Bradley Cook drives a truck for Frank’s Transport, a one-truck operation out of North Miami Beach, FL. HaulProduce.com recently caught up with him at a Flying J Truck Stop, after delivering a load of juice. He was hoping to get a load of freight out of Tulsa, OK for the West Coast to pick up a load of produce.
The 35-year-old has been trucking either long haul or locally since 1998, and this is about as tough as he has seen it.
“I’m working this truck like a dog trying to make ends meets,” he says, pointing to the conventional Peterbilt he is driving. The owner operator he is driving for once had three trucks, but now it is down this single tractor.
It is not easy when outbound dry freight is paying only $1.35 to $1.40 per mile, while eastbound produce loads are grossing about $2.25 per mile, “if you are lucky. The people paying for the East bound (produce) want to pay you the Westbound rates,” he says, “although they pay the better rates because they have little choice.”

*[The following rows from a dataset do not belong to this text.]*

(* Let $\ell,c,d\in\mathbb{N}$ and let $\beta$ be a $(c,d)$-disjointed $\ell$-covering of a graph $G$. Then $\beta$ is $(c,f)$-disjointed, where $f(t):=d\,t^c$ for each $t\in\mathbb{N}$.
   Context: Graphs are finite, simple and undirected. For a set $B\subseteq V(G)$, $N_G(B)$ is the set of vertices of $G$ adjacent to some vertex of $B$ (so $N_G(\emptyset)=\emptyset$). An $\ell$-covering of $G$ is a set $\beta\subseteq 2^{V(G)}$ with $|B|\le \ell$ for all $B\in\beta$ and $\bigcup_{B\in\beta}B=V(G)$. For $c\in\mathbb{N}_0$ and $d\ge 0$, a covering $\beta$ is $(c,d)$-disjointed if for every $c$-tuple $(B_1,\dots,B_c)\in\beta^c$ and every connected component $X$ of $G-(B_1\cup\dots\cup B_c)$ there is $Q\subseteq V(X)$ with $|Q|\le d$ such that for every connected component $Y$ of $X-Q$ there is $i\in\{1,\dots,c\}$ with $V(Y)\cap N_G(B_i')=\emptyset$, where $B_i':=B_i\setminus(B_1\cup\dots\cup B_{i-1})$. For $t\in\mathbb{N}$, $\beta[t]:=\{\bigcup\mathcal{B} : \mathcal{B}\subseteq\beta, |\mathcal{B}|\le t\}$. For $f:\mathbb{N}\to\mathbb{R}^+$, $\beta$ is $(c,f)$-disjointed if $\beta[t]$ is $(c,f(t))$-disjointed for every $t\in\mathbb{N}$. *)

theory Defs
  imports Complex_Main
begin

definition simple_graph :: "'a set \<Rightarrow> ('a \<Rightarrow> 'a \<Rightarrow> bool) \<Rightarrow> bool" where
  "simple_graph V E \<longleftrightarrow> finite V \<and> (\<forall>x y. E x y \<longrightarrow> E y x) \<and> (\<forall>x. \<not> E x x)
     \<and> (\<forall>x y. E x y \<longrightarrow> x \<in> V \<and> y \<in> V)"

definition nbhd :: "'a set \<Rightarrow> ('a \<Rightarrow> 'a \<Rightarrow> bool) \<Rightarrow> 'a set \<Rightarrow> 'a set" where
  "nbhd V E B = {v \<in> V. \<exists>b\<in>B. E b v}"

definition components :: "('a \<Rightarrow> 'a \<Rightarrow> bool) \<Rightarrow> 'a set \<Rightarrow> 'a set set" where
  "components E S = (\<lambda>x. {y. (\<lambda>u v. E u v \<and> u \<in> S \<and> v \<in> S)\<^sup>*\<^sup>* x y}) ` S"

definition covering :: "'a set \<Rightarrow> nat \<Rightarrow> 'a set set \<Rightarrow> bool" where
  "covering V l \<beta> \<longleftrightarrow> \<beta> \<subseteq> Pow V \<and> (\<forall>B\<in>\<beta>. card B \<le> l) \<and> \<Union>\<beta> = V"

text \<open>(c,d)-disjointedness; a c-tuple is a function on indices 0..c-1.\<close>
definition disjointed ::
  "'a set \<Rightarrow> ('a \<Rightarrow> 'a \<Rightarrow> bool) \<Rightarrow> nat \<Rightarrow> real \<Rightarrow> 'a set set \<Rightarrow> bool" where
  "disjointed V E c d \<beta> \<longleftrightarrow>
    (\<forall>Bs :: nat \<Rightarrow> 'a set. (\<forall>i<c. Bs i \<in> \<beta>) \<longrightarrow>
      (\<forall>X \<in> components E (V - (\<Union>i<c. Bs i)).
        \<exists>Q \<subseteq> X. real (card Q) \<le> d \<and>
          (\<forall>Y \<in> components E (X - Q).
             \<exists>i<c. Y \<inter> nbhd V E (Bs i - (\<Union>j<i. Bs j)) = {})))"

definition union_family :: "'a set set \<Rightarrow> nat \<Rightarrow> 'a set set" where
  "union_family \<beta> t = {\<Union>\<B> | \<B>. \<B> \<subseteq> \<beta> \<and> card \<B> \<le> t}"

definition disjointed_fun ::
  "'a set \<Rightarrow> ('a \<Rightarrow> 'a \<Rightarrow> bool) \<Rightarrow> nat \<Rightarrow> (nat \<Rightarrow> real) \<Rightarrow> 'a set set \<Rightarrow> bool" where
  "disjointed_fun V E c f \<beta> \<longleftrightarrow> (\<forall>t\<ge>1. disjointed V E c (f t) (union_family \<beta> t))"

end

theory Submission
  imports Defs "HOL-Library.FuncSet"
begin

text \<open>Write each member of \<open>\<beta>[t]\<close> in a \<open>c\<close>-tuple as a union \<open>\<Union>(F i)\<close> of at most \<open>t\<close> members
  of \<open>\<beta>\<close>. Every choice function \<open>\<tau> \<in> \<Pi> i. F i\<close>, of which there are at most \<open>t^c\<close>, is a
  \<open>c\<close>-tuple of \<open>\<beta>\<close> with \<open>\<tau> i \<subseteq> B\<^sub>i\<close>; so a component \<open>X\<close> of \<open>G - \<Union>B\<^sub>i\<close> lies in a component of
  \<open>G - \<Union>\<tau> i\<close>, which has a separator \<open>Q\<^sub>\<tau>\<close> of size \<open>d\<close>. Take \<open>Q := X \<inter> \<Union>\<^sub>\<tau> Q\<^sub>\<tau>\<close>.
  If a component \<open>Y\<close> of \<open>X - Q\<close> met every \<open>N(B\<^sub>i')\<close>, then choosing for each \<open>i\<close> a member of
  \<open>F i\<close> responsible for this contact gives a \<open>\<tau>\<close> such that \<open>Y\<close> meets every \<open>N(\<tau>\<^sub>i')\<close>,
  although \<open>Y\<close> lies in a component of the \<open>\<tau>\<close>-separated graph that avoids one of them.\<close>

lemma nbhd_mono: "A \<subseteq> B \<Longrightarrow> nbhd V E A \<subseteq> nbhd V E B"
  unfolding nbhd_def by auto

lemma component_subset:
  assumes "C \<in> components E S"
  shows "C \<subseteq> S"
proof
  fix y assume "y \<in> C"
  with assms obtain x where "x \<in> S" and "(\<lambda>u v. E u v \<and> u \<in> S \<and> v \<in> S)\<^sup>*\<^sup>* x y"
    unfolding components_def by blast
  from this(2) show "y \<in> S" by (induction rule: rtranclp_induct) (use \<open>x \<in> S\<close> in auto)
qed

It also does not help that other produce shipping areas often do not pay that well. He cites per mile rates of out of Florida being $1.25, while Texas loads are averaging about $1.50 per mile. The high cost of number 2 diesel fuel only makes it worse.
“The price of fuel is so high the produce people and everyone else are relying on the freight charges of 20 years to help make up for it (cost of deliveries),” Bradley says.
Adding to the challenges of hauling produce are the delays in loading and unloading the often occur.
“With produce, I often face delays anywhere from one to eight hours. The product may still be in fields, even though I’m at the facility on time to load,” Bradley states. “I am picking up in California and supposed to deliver in Massachusetts. If I am late for delivery (because of loading delays), that Massachusetts receiver will not pay full price for that load upon arrival.”
Another primary “beef” with Bradley is dealing with four wheelers, and particularly those driving cars who cut off big rigs.
If a wheeler cuts me off then hits the brakes, I’m going to hit my brakes, but I can’t stop on a dime. I’ll end up going five truck lengths through that guy’s vehicle,” Bradely states.
In some Western states he notes speed limits on some highways are 80 mph. “You can cut me off, and I’m going to end up killing you (with my truck, which can’t stop),” he says.
Bradley believes as part of obtaining a driver’s license four wheelers should have to ride in big rig for three weeks to get a better understanding of what it is like to operate an 18 wheeler and “experience the centrifical forces of nature.”
Similar problems exist with four wheelers who tail gate big rigs and when the trucker hits the brakes, if the other driver is not paying close enough attention he can end up “going through your DOT approved trailer bumper — and die.”